• **The task**: Could you output each line of the data that follows exactly?

• **Data extract**:

lemma dephased_closed_form:
  assumes d: "d > 0" and unimod: "\<forall>i<d. \<forall>j<d. norm (H i j) = 1"
  shows "dephased d H = (\<lambda>i j. if i < d \<and> j < d then H i j * H 0 0 / (H i 0 * H 0 j) else 0)"
    (is "_ = ?D")
  unfolding dephased_def
proof (rule the_equality)
  have nz: "\<And>i j. i < d \<Longrightarrow> j < d \<Longrightarrow> H i j \<noteq> 0" using unimod by fastforce
  have "\<exists>a b :: nat \<Rightarrow> complex. (\<forall>i<d. norm (a i) = 1) \<and> (\<forall>j<d. norm (b j) = 1) \<and>
      (\<forall>i<d. \<forall>j<d. ?D i j = a i * H i j * b j)"
    by (rule exI[of _ "\<lambda>i. 1 / H i 0"], rule exI[of _ "\<lambda>j. H 0 0 / H 0 j"])
      (use unimod d nz in \<open>auto simp: norm_divide\<close>)
  then show "(\<exists>a b :: nat \<Rightarrow> complex. (\<forall>i<d. norm (a i) = 1) \<and> (\<forall>j<d. norm (b j) = 1) \<and>
        (\<forall>i<d. \<forall>j<d. ?D i j = a i * H i j * b j)) \<and>
      (\<forall>j<d. ?D 0 j = 1) \<and> (\<forall>i<d. ?D i 0 = 1) \<and> (\<forall>i j. d \<le> i \<or> d \<le> j \<longrightarrow> ?D i j = 0)"
    using d nz by auto
next
  fix H' assume H': "(\<exists>a b :: nat \<Rightarrow> complex. (\<forall>i<d. norm (a i) = 1) \<and> (\<forall>j<d. norm (b j) = 1) \<and>
        (\<forall>i<d. \<forall>j<d. H' i j = a i * H i j * b j)) \<and>
      (\<forall>j<d. H' 0 j = 1) \<and> (\<forall>i<d. H' i 0 = 1) \<and> (\<forall>i j. d \<le> i \<or> d \<le> j \<longrightarrow> H' i j = 0)"
  then obtain a b where na: "\<forall>i<d. norm (a i) = 1" and nb: "\<forall>j<d. norm (b j) = 1"
    and H'_eq: "\<forall>i<d. \<forall>j<d. H' i j = a i * H i j * b j" by blast
  show "H' = ?D"
  proof (intro ext)
    fix i j
    show "H' i j = ?D i j"
    proof (cases "i < d \<and> j < d")
      case True
      have row: "a i * H i 0 * b 0 = 1" and col: "a 0 * H 0 j * b j = 1"
        and corner: "a 0 * H 0 0 * b 0 = 1"
        using H' H'_eq True d by metis+
      have "a 0 * b 0 \<noteq> 0" using na nb d by fastforce
      have "(a i * b j * (H i 0 * H 0 j)) * (a 0 * b 0) = (a i * H i 0 * b 0) * (a 0 * H 0 j * b j)"
        by (simp add: algebra_simps)
      also have "\<dots> = a 0 * H 0 0 * b 0" using row col corner by simp
      also have "\<dots> = H 0 0 * (a 0 * b 0)" by (simp add: algebra_simps)
      finally have "a i * b j * (H i 0 * H 0 j) = H 0 0" using \<open>a 0 * b 0 \<noteq> 0\<close> by simp
      moreover have "H i 0 * H 0 j \<noteq> 0" using unimod True d by fastforce
      ultimately have "a i * b j = H 0 0 / (H i 0 * H 0 j)" by (simp add: field_simps)
      moreover have "H' i j = (a i * b j) * H i j" using H'_eq True by (simp add: mult_ac)
      ultimately show ?thesis using True by simp
    qed (use H' in auto)
  qed
qed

• **Task response**:
lemma dephased_closed_form:
  assumes d: "d > 0" and unimod: "\<forall>i<d. \<forall>j<d. norm (H i j) = 1"
  shows "dephased d H = (\<lambda>i j. if i < d \<and> j < d then H i j * H 0 0 / (H i 0 * H 0 j) else 0)"
    (is "_ = ?D")
  unfolding dephased_def
proof (rule the_equality)
  have nz: "\<And>i j. i < d \<Longrightarrow> j < d \<Longrightarrow> H i j \<noteq> 0" using unimod by fastforce
  have "\<exists>a b :: nat \<Rightarrow> complex. (\<forall>i<d. norm (a i) = 1) \<and> (\<forall>j<d. norm (b j) = 1) \<and>
      (\<forall>i<d. \<forall>j<d. ?D i j = a i * H i j * b j)"
    by (rule exI[of _ "\<lambda>i. 1 / H i 0"], rule exI[of _ "\<lambda>j. H 0 0 / H 0 j"])
      (use unimod d nz in \<open>auto simp: norm_divide\<close>)
  then show "(\<exists>a b :: nat \<Rightarrow> complex. (\<forall>i<d. norm (a i) = 1) \<and> (\<forall>j<d. norm (b j) = 1) \<and>
        (\<forall>i<d. \<forall>j<d. ?D i j = a i * H i j * b j)) \<and>
      (\<forall>j<d. ?D 0 j = 1) \<and> (\<forall>i<d. ?D i 0 = 1) \<and> (\<forall>i j. d \<le> i \<or> d \<le> j \<longrightarrow> ?D i j = 0)"
    using d nz by auto
next
  fix H' assume H': "(\<exists>a b :: nat \<Rightarrow> complex. (\<forall>i<d. norm (a i) = 1) \<and> (\<forall>j<d. norm (b j) = 1) \<and>
        (\<forall>i<d. \<forall>j<d. H' i j = a i * H i j * b j)) \<and>
      (\<forall>j<d. H' 0 j = 1) \<and> (\<forall>i<d. H' i 0 = 1) \<and> (\<forall>i j. d \<le> i \<or> d \<le> j \<longrightarrow> H' i j = 0)"
  then obtain a b where na: "\<forall>i<d. norm (a i) = 1" and nb: "\<forall>j<d. norm (b j) = 1"
    and H'_eq: "\<forall>i<d. \<forall>j<d. H' i j = a i * H i j * b j" by blast
  show "H' = ?D"
  proof (intro ext)
    fix i j
    show "H' i j = ?D i j"
    proof (cases "i < d \<and> j < d")
      case True
      have row: "a i * H i 0 * b 0 = 1" and col: "a 0 * H 0 j * b j = 1"
        and corner: "a 0 * H 0 0 * b 0 = 1"
        using H' H'_eq True d by metis+
      have "a 0 * b 0 \<noteq> 0" using na nb d by fastforce
      have "(a i * b j * (H i 0 * H 0 j)) * (a 0 * b 0) = (a i * H i 0 * b 0) * (a 0 * H 0 j * b j)"
        by (simp add: algebra_simps)
      also have "\<dots> = a 0 * H 0 0 * b 0" using row col corner by simp
      also have "\<dots> = H 0 0 * (a 0 * b 0)" by (simp add: algebra_simps)
      finally have "a i * b j * (H i 0 * H 0 j) = H 0 0" using \<open>a 0 * b 0 \<noteq> 0\<close> by simp
      moreover have "H i 0 * H 0 j \<noteq> 0" using unimod True d by fastforce
      ultimately have "a i * b j = H 0 0 / (H i 0 * H 0 j)" by (simp add: field_simps)
      moreover have "H' i j = (a i * b j) * H i j" using H'_eq True by (simp add: mult_ac)
      ultimately show ?thesis using True by simp
    qed (use H' in auto)
  qed
qed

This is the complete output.